---- Data provided
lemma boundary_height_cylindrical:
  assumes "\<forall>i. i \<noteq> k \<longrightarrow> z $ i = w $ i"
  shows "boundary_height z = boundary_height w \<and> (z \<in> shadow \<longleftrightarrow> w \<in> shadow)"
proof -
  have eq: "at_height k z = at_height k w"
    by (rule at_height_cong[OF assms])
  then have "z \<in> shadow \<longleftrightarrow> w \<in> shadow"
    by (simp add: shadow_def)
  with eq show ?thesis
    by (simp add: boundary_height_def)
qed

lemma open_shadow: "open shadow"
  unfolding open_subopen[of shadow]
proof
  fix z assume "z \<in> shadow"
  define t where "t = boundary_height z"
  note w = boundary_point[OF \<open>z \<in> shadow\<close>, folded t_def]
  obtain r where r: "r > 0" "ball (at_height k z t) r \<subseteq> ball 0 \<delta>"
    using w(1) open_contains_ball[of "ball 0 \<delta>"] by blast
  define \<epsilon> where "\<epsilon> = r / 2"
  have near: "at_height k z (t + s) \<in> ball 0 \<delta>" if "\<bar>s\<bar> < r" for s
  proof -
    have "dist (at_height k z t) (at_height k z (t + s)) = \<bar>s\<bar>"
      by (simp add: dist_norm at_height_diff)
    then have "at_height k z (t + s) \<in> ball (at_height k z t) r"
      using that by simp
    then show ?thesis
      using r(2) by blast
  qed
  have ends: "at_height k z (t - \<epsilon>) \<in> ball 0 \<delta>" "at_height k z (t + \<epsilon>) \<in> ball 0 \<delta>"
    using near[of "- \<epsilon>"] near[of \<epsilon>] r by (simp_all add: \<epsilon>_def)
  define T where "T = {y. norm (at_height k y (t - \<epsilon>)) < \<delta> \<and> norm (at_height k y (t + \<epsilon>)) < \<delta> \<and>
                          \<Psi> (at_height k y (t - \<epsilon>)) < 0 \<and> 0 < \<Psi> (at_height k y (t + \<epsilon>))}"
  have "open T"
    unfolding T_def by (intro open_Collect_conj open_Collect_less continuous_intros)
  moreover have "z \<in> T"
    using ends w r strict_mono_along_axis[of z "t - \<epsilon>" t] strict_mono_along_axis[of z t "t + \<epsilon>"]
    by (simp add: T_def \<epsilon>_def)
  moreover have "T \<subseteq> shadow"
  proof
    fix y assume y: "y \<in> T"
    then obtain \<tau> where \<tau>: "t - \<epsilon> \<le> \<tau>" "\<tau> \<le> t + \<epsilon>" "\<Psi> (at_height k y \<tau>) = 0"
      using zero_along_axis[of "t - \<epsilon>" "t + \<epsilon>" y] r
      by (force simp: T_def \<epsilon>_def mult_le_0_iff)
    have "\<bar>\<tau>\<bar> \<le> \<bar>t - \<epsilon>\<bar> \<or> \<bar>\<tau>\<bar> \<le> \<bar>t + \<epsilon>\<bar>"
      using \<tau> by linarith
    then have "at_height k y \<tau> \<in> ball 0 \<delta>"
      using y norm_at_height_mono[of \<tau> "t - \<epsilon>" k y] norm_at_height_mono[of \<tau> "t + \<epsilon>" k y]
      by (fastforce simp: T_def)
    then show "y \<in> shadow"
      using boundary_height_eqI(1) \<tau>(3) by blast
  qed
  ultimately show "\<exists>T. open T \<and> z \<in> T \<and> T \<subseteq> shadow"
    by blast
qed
--------
---- Data provided
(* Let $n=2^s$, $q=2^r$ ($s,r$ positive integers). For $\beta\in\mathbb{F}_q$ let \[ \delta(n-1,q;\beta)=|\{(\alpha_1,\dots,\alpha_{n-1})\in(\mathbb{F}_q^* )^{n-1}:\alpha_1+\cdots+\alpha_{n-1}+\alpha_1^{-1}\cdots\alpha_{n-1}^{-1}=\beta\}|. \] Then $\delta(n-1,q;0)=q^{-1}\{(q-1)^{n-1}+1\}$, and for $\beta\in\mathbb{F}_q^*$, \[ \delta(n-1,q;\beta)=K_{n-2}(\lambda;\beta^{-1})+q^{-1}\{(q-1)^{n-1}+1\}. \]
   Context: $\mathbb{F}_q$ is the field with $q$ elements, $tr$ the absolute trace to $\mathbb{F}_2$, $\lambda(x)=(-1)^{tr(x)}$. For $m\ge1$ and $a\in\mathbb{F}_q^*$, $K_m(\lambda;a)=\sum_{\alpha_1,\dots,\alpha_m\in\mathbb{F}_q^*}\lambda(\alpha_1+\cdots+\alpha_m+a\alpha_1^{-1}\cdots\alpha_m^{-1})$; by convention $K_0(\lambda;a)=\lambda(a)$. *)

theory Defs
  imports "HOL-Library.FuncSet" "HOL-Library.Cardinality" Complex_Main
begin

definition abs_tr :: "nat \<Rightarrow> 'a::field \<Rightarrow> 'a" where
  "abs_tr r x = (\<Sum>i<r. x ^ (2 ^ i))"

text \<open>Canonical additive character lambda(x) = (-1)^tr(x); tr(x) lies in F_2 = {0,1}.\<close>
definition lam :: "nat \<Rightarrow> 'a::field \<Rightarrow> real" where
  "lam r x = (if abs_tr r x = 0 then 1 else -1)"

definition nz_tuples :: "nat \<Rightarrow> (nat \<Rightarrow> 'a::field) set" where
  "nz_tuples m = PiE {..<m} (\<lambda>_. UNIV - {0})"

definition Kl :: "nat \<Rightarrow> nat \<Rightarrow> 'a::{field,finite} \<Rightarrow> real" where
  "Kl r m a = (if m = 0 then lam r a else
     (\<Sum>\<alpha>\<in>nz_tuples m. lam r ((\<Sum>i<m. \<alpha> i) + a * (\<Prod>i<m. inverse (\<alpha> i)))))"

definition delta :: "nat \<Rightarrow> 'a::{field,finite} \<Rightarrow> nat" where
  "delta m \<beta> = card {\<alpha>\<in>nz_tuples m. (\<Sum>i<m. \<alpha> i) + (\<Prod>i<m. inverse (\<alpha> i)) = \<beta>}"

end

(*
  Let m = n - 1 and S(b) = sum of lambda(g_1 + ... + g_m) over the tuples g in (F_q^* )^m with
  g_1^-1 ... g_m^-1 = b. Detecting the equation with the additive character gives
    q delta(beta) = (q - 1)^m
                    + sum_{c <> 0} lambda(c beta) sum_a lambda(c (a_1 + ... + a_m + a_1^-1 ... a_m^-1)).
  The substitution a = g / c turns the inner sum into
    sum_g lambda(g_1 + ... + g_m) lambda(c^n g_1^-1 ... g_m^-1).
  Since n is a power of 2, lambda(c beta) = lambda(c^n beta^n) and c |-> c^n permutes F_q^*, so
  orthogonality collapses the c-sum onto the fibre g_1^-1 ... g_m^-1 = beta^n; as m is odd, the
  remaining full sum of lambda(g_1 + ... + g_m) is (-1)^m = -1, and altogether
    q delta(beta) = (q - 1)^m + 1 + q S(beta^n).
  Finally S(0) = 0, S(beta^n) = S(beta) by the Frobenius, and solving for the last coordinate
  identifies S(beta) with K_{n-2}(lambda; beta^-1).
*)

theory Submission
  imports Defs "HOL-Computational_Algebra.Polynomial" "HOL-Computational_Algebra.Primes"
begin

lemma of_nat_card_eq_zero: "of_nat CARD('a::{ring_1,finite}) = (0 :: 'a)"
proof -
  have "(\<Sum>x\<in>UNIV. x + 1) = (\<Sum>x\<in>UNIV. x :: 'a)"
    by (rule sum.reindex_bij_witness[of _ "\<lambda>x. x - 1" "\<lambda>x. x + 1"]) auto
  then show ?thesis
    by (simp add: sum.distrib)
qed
--------
## Work instructions:
The reply should consist solely of the lines above from the one that has "lam r a else" through the one that has "sum_g lambda(g_1 +", reproduced exactly.

## Expected answer:
  "Kl r m a = (if m = 0 then lam r a else
     (\<Sum>\<alpha>\<in>nz_tuples m. lam r ((\<Sum>i<m. \<alpha> i) + a * (\<Prod>i<m. inverse (\<alpha> i)))))"

definition delta :: "nat \<Rightarrow> 'a::{field,finite} \<Rightarrow> nat" where
  "delta m \<beta> = card {\<alpha>\<in>nz_tuples m. (\<Sum>i<m. \<alpha> i) + (\<Prod>i<m. inverse (\<alpha> i)) = \<beta>}"

end

(*
  Let m = n - 1 and S(b) = sum of lambda(g_1 + ... + g_m) over the tuples g in (F_q^* )^m with
  g_1^-1 ... g_m^-1 = b. Detecting the equation with the additive character gives
    q delta(beta) = (q - 1)^m
                    + sum_{c <> 0} lambda(c beta) sum_a lambda(c (a_1 + ... + a_m + a_1^-1 ... a_m^-1)).
  The substitution a = g / c turns the inner sum into
    sum_g lambda(g_1 + ... + g_m) lambda(c^n g_1^-1 ... g_m^-1).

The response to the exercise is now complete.